Look through the records below for the line with "L (\<lambda>k x." and the line with "D' \<Longrightarrow> y", then return those lines and all lines between, exactly.

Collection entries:
########################################
lemma in_Sv_diff:
  assumes "in_Sv L v f" "in_Sv L v g"
  shows "in_Sv L v (\<lambda>k x. f k x - g k x)"
proof -
  obtain D q D' q' where D: "finite D" "is_decomp L D q f" "\<forall>d\<in>D. cone_with_apex L (fst d) v"
    and D': "finite D'" "is_decomp L D' q' g" "\<forall>d\<in>D'. cone_with_apex L (fst d) v"
    using assms unfolding in_Sv_def by metis
  define q'' where "q'' d = (\<lambda>k x. (if d \<in> D then q d k x else 0) - (if d \<in> D' then q' d k x else 0))" for d
  have qp_if: "quasi_poly L (\<lambda>k x. if d \<in> E then h d k x else 0)"
    if "is_decomp L E h m" "finite E" for E h m d
    using that by (cases "d \<in> E") (simp_all add: is_decomp_finite_iff quasi_poly_const)
  have "quasi_poly L (q'' d)" for d
    unfolding q''_def using qp_if D(1,2) D'(1,2) by (intro quasi_poly_diff)
  moreover have "f k x - g k x = (\<Sum>d\<in>D \<union> D'. q'' d k x * Cind (fst d) (snd d) k x)" if "x \<in> L" for k x
  proof -
    have restrict: "(\<Sum>d\<in>D \<union> D'. (if d \<in> E then h d else 0) * c d) = (\<Sum>d\<in>E. h d * c d)"
      if "E \<subseteq> D \<union> D'" for E and h c :: "_ \<Rightarrow> complex"
      using that D(1) D'(1) by (intro sum.mono_neutral_cong_right) auto
    show ?thesis
      using D(1,2) D'(1,2) that
      by (simp add: q''_def left_diff_distrib sum_subtractf restrict is_decomp_finite_iff)
  qed
  ultimately have "is_decomp L (D \<union> D') q'' (\<lambda>k x. f k x - g k x)"
    using D D' by (auto simp: is_decomp_finite_iff)
  then show ?thesis
    unfolding in_Sv_def using D D' by blast
qed

section \<open>The tangent cone construction\<close>

lemma seg_sum_memI: "y \<in> P \<Longrightarrow> 0 \<le> s \<Longrightarrow> s \<le> 1 \<Longrightarrow> y + s *\<^sub>R \<sigma> \<in> seg_sum P \<sigma>"
  unfolding seg_sum_def by blast

lemma is_decomp_local_pieces:
  assumes dec: "is_decomp L D q m"
  obtains D' r where "finite D'" "D' \<subseteq> D" "{d\<in>D. v \<in> fst d} \<subseteq> D'" "r > 0"
    "\<And>d y. d \<in> D' \<Longrightarrow> y \<in> ball v r \<Longrightarrow> y \<in> fst d \<longleftrightarrow> y \<in> tangent_cone (fst d) v"
    "\<And>d y. d \<in> D \<Longrightarrow> y \<in> ball v r \<Longrightarrow> y \<in> seg_sum (fst d) (snd d) \<Longrightarrow> d \<in> D'"
proof -
  obtain U where "open U" "v \<in> U" and fin: "finite {d\<in>D. seg_sum (fst d) (snd d) \<inter> U \<noteq> {}}"
    using dec unfolding is_decomp_def locally_finite_fam_def by blast
  define D' where "D' = {d\<in>D. seg_sum (fst d) (snd d) \<inter> U \<noteq> {}}"
  have "finite D'"
    using fin by (simp add: D'_def)
  have "v \<in> seg_sum (fst d) (snd d)" if "v \<in> fst d" for d
    using seg_sum_memI[OF that, of 0] by simp
  then have D\<^sub>0: "{d\<in>D. v \<in> fst d} \<subseteq> D'"
    using \<open>v \<in> U\<close> by (auto simp: D'_def)
  have "\<forall>d\<in>D'. \<exists>W. open W \<and> v \<in> W \<and> (\<forall>y\<in>W. y \<in> fst d \<longleftrightarrow> y \<in> tangent_cone (fst d) v)"
  proof
    fix d
    assume "d \<in> D'"
    then have "rational_polyhedron L (fst d)"
      using dec unfolding is_decomp_def D'_def by blast
    then show "\<exists>W. open W \<and> v \<in> W \<and> (\<forall>y\<in>W. y \<in> fst d \<longleftrightarrow> y \<in> tangent_cone (fst d) v)"
      by (rule rational_polyhedron_eq_tangent_cone_near)
  qed
  from bchoice[OF this] obtain W where W: "\<forall>d\<in>D'. open (W d) \<and> v \<in> W d \<and>
      (\<forall>y\<in>W d. y \<in> fst d \<longleftrightarrow> y \<in> tangent_cone (fst d) v)"
    by blast
  have "open (U \<inter> (\<Inter>d\<in>D'. W d))" "v \<in> U \<inter> (\<Inter>d\<in>D'. W d)"
    using \<open>finite D'\<close> W \<open>open U\<close> \<open>v \<in> U\<close> by auto
  then obtain r where "r > 0" and r: "ball v r \<subseteq> U \<inter> (\<Inter>d\<in>D'. W d)"
    by (rule openE)
  show ?thesis
  proof (rule that[OF \<open>finite D'\<close> _ D\<^sub>0 \<open>r > 0\<close>])
    show "D' \<subseteq> D"
      by (auto simp: D'_def)
    show "y \<in> fst d \<longleftrightarrow> y \<in> tangent_cone (fst d) v" if "d \<in> D'" "y \<in> ball v r" for d y
      using W r that by blast
    show "d \<in> D'" if "d \<in> D" "y \<in> ball v r" "y \<in> seg_sum (fst d) (snd d)" for d y
      using r that by (auto simp: D'_def)
  qed
qed

lemma finite_pieces_at:
  assumes "is_decomp L D q m"
  shows "finite {d\<in>D. v \<in> fst d}"
  by (rule is_decomp_local_pieces[OF assms, of v]) (rule finite_subset)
########################################
### RESPONSE AREA
  have qp_if: "quasi_poly L (\<lambda>k x. if d \<in> E then h d k x else 0)"
    if "is_decomp L E h m" "finite E" for E h m d
    using that by (cases "d \<in> E") (simp_all add: is_decomp_finite_iff quasi_poly_const)
  have "quasi_poly L (q'' d)" for d
    unfolding q''_def using qp_if D(1,2) D'(1,2) by (intro quasi_poly_diff)
  moreover have "f k x - g k x = (\<Sum>d\<in>D \<union> D'. q'' d k x * Cind (fst d) (snd d) k x)" if "x \<in> L" for k x
  proof -
    have restrict: "(\<Sum>d\<in>D \<union> D'. (if d \<in> E then h d else 0) * c d) = (\<Sum>d\<in>E. h d * c d)"
      if "E \<subseteq> D \<union> D'" for E and h c :: "_ \<Rightarrow> complex"
      using that D(1) D'(1) by (intro sum.mono_neutral_cong_right) auto
    show ?thesis
      using D(1,2) D'(1,2) that
      by (simp add: q''_def left_diff_distrib sum_subtractf restrict is_decomp_finite_iff)
  qed
  ultimately have "is_decomp L (D \<union> D') q'' (\<lambda>k x. f k x - g k x)"
    using D D' by (auto simp: is_decomp_finite_iff)
  then show ?thesis
    unfolding in_Sv_def using D D' by blast
qed

section \<open>The tangent cone construction\<close>

lemma seg_sum_memI: "y \<in> P \<Longrightarrow> 0 \<le> s \<Longrightarrow> s \<le> 1 \<Longrightarrow> y + s *\<^sub>R \<sigma> \<in> seg_sum P \<sigma>"
  unfolding seg_sum_def by blast

lemma is_decomp_local_pieces:
  assumes dec: "is_decomp L D q m"
  obtains D' r where "finite D'" "D' \<subseteq> D" "{d\<in>D. v \<in> fst d} \<subseteq> D'" "r > 0"
    "\<And>d y. d \<in> D' \<Longrightarrow> y \<in> ball v r \<Longrightarrow> y \<in> fst d \<longleftrightarrow> y \<in> tangent_cone (fst d) v"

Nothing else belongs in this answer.